#### ACTION ITEM
All that is required is the number of lines in this listing that hold "rule".

[[ THE RECORDS, beginning ]]

lemma endpoint_budget_lt:
  fixes n K \<epsilon> :: real
  assumes n: "10^10 \<le> n" and K: "0 \<le> K" and KK: "K * (K + 1) \<le> 2 * n"
    and \<epsilon>: "\<epsilon> = 1 / (1620 * (K + 1) * n^2)"
  shows "81 * n^2 * ((4*K + 1) * \<epsilon>^2 * n^4 + 54600 * K / n^2) < 2 * \<epsilon> * n^4"
proof -
  have n0: "0 < n" using n by simp
  have K1: "0 < K + 1" using K by simp
  have \<epsilon>0: "0 < \<epsilon>" unfolding \<epsilon> using n0 K1 by simp
  have \<epsilon>n: "\<epsilon> * (1620 * (K + 1) * n^2) = 1" unfolding \<epsilon> using n0 K1 by simp
  have "81 * n^2 * ((4*K + 1) * \<epsilon>^2 * n^4) \<le> 324 * (K + 1) * n^2 * \<epsilon>^2 * n^4"
    using n0 K by (simp add: algebra_simps)
  also have "\<dots> = (\<epsilon> * (1620 * (K + 1) * n^2)) * \<epsilon> * n^4 / 5"
    by (simp add: power2_eq_square algebra_simps)
  finally have T1: "81 * n^2 * ((4*K + 1) * \<epsilon>^2 * n^4) \<le> \<epsilon> * n^4 / 5" using \<epsilon>n by simp
  have \<epsilon>n4: "\<epsilon> * n^4 = n^2 / (1620 * (K + 1))"
  proof -
    have "\<epsilon> * n^4 = (n^2 * n^2) / (n^2 * (1620 * (K + 1)))"
      unfolding \<epsilon> by (simp add: mult_ac power4_eq_xxxx power2_eq_square)
    also have "\<dots> = n^2 / (1620 * (K + 1))" using n0 by (subst mult_divide_mult_cancel_left) auto
    finally show ?thesis .
  qed
  have "4422600 * K * (1620 * (K + 1)) * 5 = 35823060000 * (K * (K + 1))" by simp
  also have "\<dots> \<le> 35823060000 * (2 * n)" using KK by simp
  also have "\<dots> < 9 * n^2" using n by (simp add: power2_eq_square)
  finally have "4422600 * K < 9 * (n^2 / (1620 * (K + 1))) / 5" using K1 by (simp add: field_simps)
  then have T2: "81 * n^2 * (54600 * K / n^2) < 9 * \<epsilon> * n^4 / 5"
    unfolding \<epsilon>n4[symmetric] using n0 by simp
  show ?thesis using T1 T2 by (simp add: algebra_simps)
qed

lemma interior_no_approximant:
  fixes P :: "real poly" and lam :: real
  defines "s0 \<equiv> (4*lam - 1) / 3"
  defines "d \<equiv> min (1 - s0) (1 + s0)"
  assumes lam: "0 \<le> lam" "lam < 1" and n: "n \<ge> 5" and K: "0 \<le> K"
    and KK: "10^9 * (K * (K + 1)) \<le> d^2 * real n"
    and \<epsilon>: "\<epsilon> = d / (768 * (K + 1) * real n)"
    and deg: "degree P \<le> n" and zero: "poly P lam = 0"
    and nonneg: "nonneg_near P lam"
    and approx: "omega3_approximant K n (test_fun lam \<epsilon>) P"
  shows False
proof -
  have s0: "-1 < s0" "s0 < 1" "1/4 + s0 * (3/4) = lam" unfolding s0_def using lam by (auto simp: field_simps)
  have d: "0 < d" "d \<le> 1" unfolding d_def using s0 by auto
  have n1: "1 \<le> real n" using n by simp
  have "1 \<le> (K + 1) * real n" using K n1 mult_mono[of 1 "K + 1" 1 "real n"] by simp
  then have "768 \<le> 768 * (K + 1) * real n" by linarith
  then have "\<epsilon> \<le> d / 768" unfolding \<epsilon> using d by (intro divide_left_mono) linarith+
  moreover have "0 < \<epsilon>" unfolding \<epsilon> using d K n1 by simp
  ultimately have \<epsilon>_bounds: "0 < \<epsilon>" "\<epsilon> \<le> 1/2" using d by auto
  define Q where "Q = pcompose (P - test_poly lam \<epsilon>) [:1/4, 3/4:]"
  define B where "B = (4*K + 1) * \<epsilon>^2 + 10400 * K / (real n)^3"
  have "\<forall>s\<in>{-1..1}. \<bar>poly Q s\<bar> \<le> B"
    unfolding Q_def B_def using rescaled_deviation_uniform_le[OF lam(1) _ \<epsilon>_bounds _ K approx] lam n
    by simp
  then have "\<bar>poly (pderiv Q) s0\<bar> \<le> 6 * real n * B / d"
    unfolding d_def using bernstein_inequality[OF _ _ _ s0(1,2)] degree_rescaled_deviation_le[OF deg n] n
    unfolding Q_def by simp
  also have "\<dots> < 3 * \<epsilon> / 32"
    unfolding B_def using interior_budget_lt[OF d(1) _ K KK \<epsilon>] n1 by simp
  also have "3 * \<epsilon> / 32 \<le> (lam + 1/2)^3 * \<epsilon> * (3/4)"
    using power_mono[of "1/2" "lam + 1/2" 3] lam \<epsilon>_bounds by (simp add: power3_eq_cube)
  also have "\<dots> = \<bar>poly (pderiv Q) s0\<bar>"
    unfolding Q_def poly_pderiv_pcompose_linear s0(3)
    using pderiv_eq_0_of_nonneg_near[OF _ lam(2) zero nonneg] lam \<epsilon>_bounds
    by (simp add: pderiv_diff pderiv_test_poly_at_lam abs_mult)
  finally show False by simp
qed

lemma pderiv_weighted_deviation_at_one_ge:
  fixes P :: "real poly"
  assumes zero: "poly P 1 = 0" and P': "poly (pderiv P) 1 \<le> 0" and \<epsilon>: "0 < \<epsilon>"
  shows "2 * \<epsilon> * (real n)^4
           \<le> \<bar>poly (pderiv (pcompose (P - test_poly 1 \<epsilon>) [:1/4, 3/4:] * chebS n ^ 2)) 1\<bar>"
proof -
  define Q where "Q = pcompose (P - test_poly 1 \<epsilon>) [:1/4, 3/4:]"
  define c where "c = (27/8 * \<epsilon> - poly (pderiv P) 1) * (3/4)"
  have "poly Q 1 = 0" unfolding Q_def using zero by (simp add: poly_pcompose poly_test_poly)
  moreover have "poly (pderiv Q) 1 = - c"
    unfolding Q_def c_def poly_pderiv_pcompose_linear using pderiv_test_poly_at_lam[of 1 \<epsilon>]
    by (simp add: pderiv_diff power3_eq_cube algebra_simps)
  ultimately have "poly (pderiv (Q * chebS n ^ 2)) 1 = - ((real n)^4 * c)"
    unfolding pderiv_mult using chebS_one[of n] by (simp flip: power_mult)
  then have "\<bar>poly (pderiv (Q * chebS n ^ 2)) 1\<bar> = \<bar>c\<bar> * (real n)^4" by (simp add: abs_mult)
  moreover have "2 * \<epsilon> \<le> \<bar>c\<bar>" unfolding c_def using P' \<epsilon> by (simp add: left_diff_distrib)
  ultimately show ?thesis unfolding Q_def by (simp add: mult_right_mono)
qed

lemma endpoint_no_approximant:
  fixes P :: "real poly"
  assumes n: "10^10 \<le> n" and K: "0 \<le> K" and KK: "K * (K + 1) \<le> 2 * real n"
    and \<epsilon>: "\<epsilon> = 1 / (1620 * (K + 1) * (real n)^2)"
    and deg: "degree P \<le> n" and zero: "poly P 1 = 0" and nonneg: "nonneg_near P 1"
    and approx: "omega3_approximant K n (test_fun 1 \<epsilon>) P"
  shows False
proof -
  have n1: "1 \<le> real n" "5 \<le> n" using n by auto
  have "1 \<le> (K + 1) * (real n)^2" using K n1 mult_mono[of 1 "K + 1" 1 "(real n)^2"] by simp
  then have "1620 \<le> 1620 * (K + 1) * (real n)^2" by linarith
  then have "\<epsilon> \<le> 1/1620" unfolding \<epsilon> by (intro divide_left_mono) linarith+
  moreover have "0 < \<epsilon>" unfolding \<epsilon> using K n1 by simp
  ultimately have \<epsilon>_bounds: "0 < \<epsilon>" "\<epsilon> \<le> 1/2" by auto
  define Q where "Q = pcompose (P - test_poly 1 \<epsilon>) [:1/4, 3/4:]"
  define B where "B = (4*K + 1) * \<epsilon>^2 * (real n)^4 + 54600 * K / (real n)^2"
  have "degree (Q * chebS n ^ 2) \<le> degree Q + degree (chebS n) * 2"
    using degree_mult_le[of Q "chebS n ^ 2"] degree_power_le[of "chebS n" 2] by linarith
  then have deg_G: "degree (Q * chebS n ^ 2) \<le> 3 * n"
    using degree_rescaled_deviation_le[OF deg n1(2), of 1 \<epsilon>] degree_chebS[of n] unfolding Q_def by linarith
  have "\<forall>s\<in>{-1..1}. \<bar>poly (Q * chebS n ^ 2) s\<bar> \<le> B"
    unfolding Q_def B_def using rescaled_deviation_weighted_le[OF _ _ \<epsilon>_bounds _ K approx] n1 by simp
  then have "\<bar>poly (pderiv (Q * chebS n ^ 2)) 1\<bar> \<le> 9 * (real (3 * n))^2 * B"
    using markov_inequality_at_one[OF deg_G] n1 by simp
  also have "\<dots> = 81 * (real n)^2 * B" by (simp add: power2_eq_square)
  also have "\<dots> < 2 * \<epsilon> * (real n)^4" unfolding B_def by (rule endpoint_budget_lt[OF _ K KK \<epsilon>]) (use n in simp)
  also have "\<dots> \<le> \<bar>poly (pderiv (Q * chebS n ^ 2)) 1\<bar>"
    unfolding Q_def using pderiv_weighted_deviation_at_one_ge[OF zero _ \<epsilon>_bounds(1)]
      pderiv_le_0_at_one_of_nonneg_near[OF zero nonneg] by blast
  finally show False by simp
qed

lemma test_fun_not_approximable:
  fixes lam :: real
  assumes lam: "0 \<le> lam" "lam \<le> 1"
  obtains c N where "0 < c"
    and "\<And>n K. N \<le> n \<Longrightarrow> 0 \<le> K \<Longrightarrow> K * (K + 1) \<le> c * real n \<Longrightarrow>
      \<exists>\<epsilon>. omega3_unapproximable K n lam (test_fun lam \<epsilon>)"
proof (cases "lam < 1")
  case True
  define d where "d = min (1 - (4*lam - 1) / 3) (1 + (4*lam - 1) / 3)"
  have "0 < d" unfolding d_def using lam True by (auto simp: field_simps)
  show ?thesis
  proof (rule that[of "d^2 / 10^9" 5])
    fix n K assume n: "5 \<le> n" and K: "0 \<le> K" and KK: "K * (K + 1) \<le> d^2 / 10^9 * real n"
    then have "10^9 * (K * (K + 1)) \<le> d^2 * real n" by (simp add: field_simps)
    then show "\<exists>\<epsilon>. omega3_unapproximable K n lam (test_fun lam \<epsilon>)"
      using interior_no_approximant[OF lam(1) True n K, of "d / (768 * (K + 1) * real n)"]
      unfolding d_def omega3_unapproximable_def test_fun_at_lam by blast
  qed (use \<open>0 < d\<close> in simp)
next
  case False
  then have "lam = 1" using lam by simp
  show ?thesis
  proof (rule that[of 2 "10^10"])
    fix n K assume n: "10^10 \<le> n" and K: "0 \<le> K" and KK: "K * (K + 1) \<le> 2 * real n"
    show "\<exists>\<epsilon>. omega3_unapproximable K n lam (test_fun lam \<epsilon>)"
      using endpoint_no_approximant[OF n K KK, of "1 / (1620 * (K + 1) * (real n)^2)"]
      unfolding \<open>lam = 1\<close> omega3_unapproximable_def test_fun_at_lam by blast
  qed simp
qed

lemma sqrt_scaled_times_succ_le:
  fixes \<eta> :: real
  assumes "0 \<le> \<eta>" "\<eta> \<le> 1" "n \<ge> 1"
  shows "(\<eta> * sqrt (real n)) * (\<eta> * sqrt (real n) + 1) \<le> 2 * \<eta> * real n"
proof -
  have "1 \<le> sqrt (real n)" using assms(3) by simp
  then have "sqrt (real n) \<le> real n" using mult_left_mono[of 1 "sqrt (real n)" "sqrt (real n)"] by simp
  moreover have "\<eta> * \<eta> \<le> \<eta>" using assms by (simp add: mult_left_le)
  moreover have "(\<eta> * sqrt (real n)) * (\<eta> * sqrt (real n) + 1) = (\<eta> * \<eta>) * real n + \<eta> * sqrt (real n)"
    by (simp add: algebra_simps)
  ultimately show ?thesis
    using add_mono[OF mult_right_mono[of "\<eta> * \<eta>" \<eta> "real n"] mult_left_mono[of "sqrt (real n)" "real n" \<eta>]]
      assms by simp
qed

lemma exists_test_fun_not_approximable:
  fixes lam :: real and \<eta> :: "nat \<Rightarrow> real"
  assumes lam: "0 \<le> lam" "lam \<le> 1" and \<eta>: "\<And>n. 0 \<le> \<eta> n" "\<eta> \<longlonglongrightarrow> 0"
  obtains n \<epsilon> where "n0 \<le> n" "1 \<le> n"
    "omega3_unapproximable (\<eta> n * sqrt (real n)) n lam (test_fun lam \<epsilon>)"
proof -
  obtain c N where c: "0 < c" and not_approx: "\<And>n K. N \<le> n \<Longrightarrow> 0 \<le> K \<Longrightarrow>
      K * (K + 1) \<le> c * real n \<Longrightarrow> \<exists>\<epsilon>. omega3_unapproximable K n lam (test_fun lam \<epsilon>)"
    using test_fun_not_approximable[OF lam] by blast
  obtain M where M: "\<And>n. M \<le> n \<Longrightarrow> \<eta> n < min 1 (c/2)"
    using order_tendstoD(2)[OF \<eta>(2), of "min 1 (c/2)"] c by (auto simp: eventually_sequentially)
  define n where "n = max (max n0 N) (max M 1)"
  have n: "n0 \<le> n" "N \<le> n" "1 \<le> n" "M \<le> n" unfolding n_def by auto
  have "(\<eta> n * sqrt (real n)) * (\<eta> n * sqrt (real n) + 1) \<le> 2 * \<eta> n * real n"
    using sqrt_scaled_times_succ_le[OF \<eta>(1)] M[OF n(4)] n(3) by simp
  also have "\<dots> \<le> c * real n" using M[OF n(4)] by (intro mult_right_mono) auto
  finally have "(\<eta> n * sqrt (real n)) * (\<eta> n * sqrt (real n) + 1) \<le> c * real n" .
  moreover have "0 \<le> \<eta> n * sqrt (real n)" using \<eta>(1) by simp
  ultimately show ?thesis using that[OF n(1,3)] not_approx[OF n(2)] by blast
qed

[[ THE RECORDS, end ]]

#### EXERCISE RESULT
3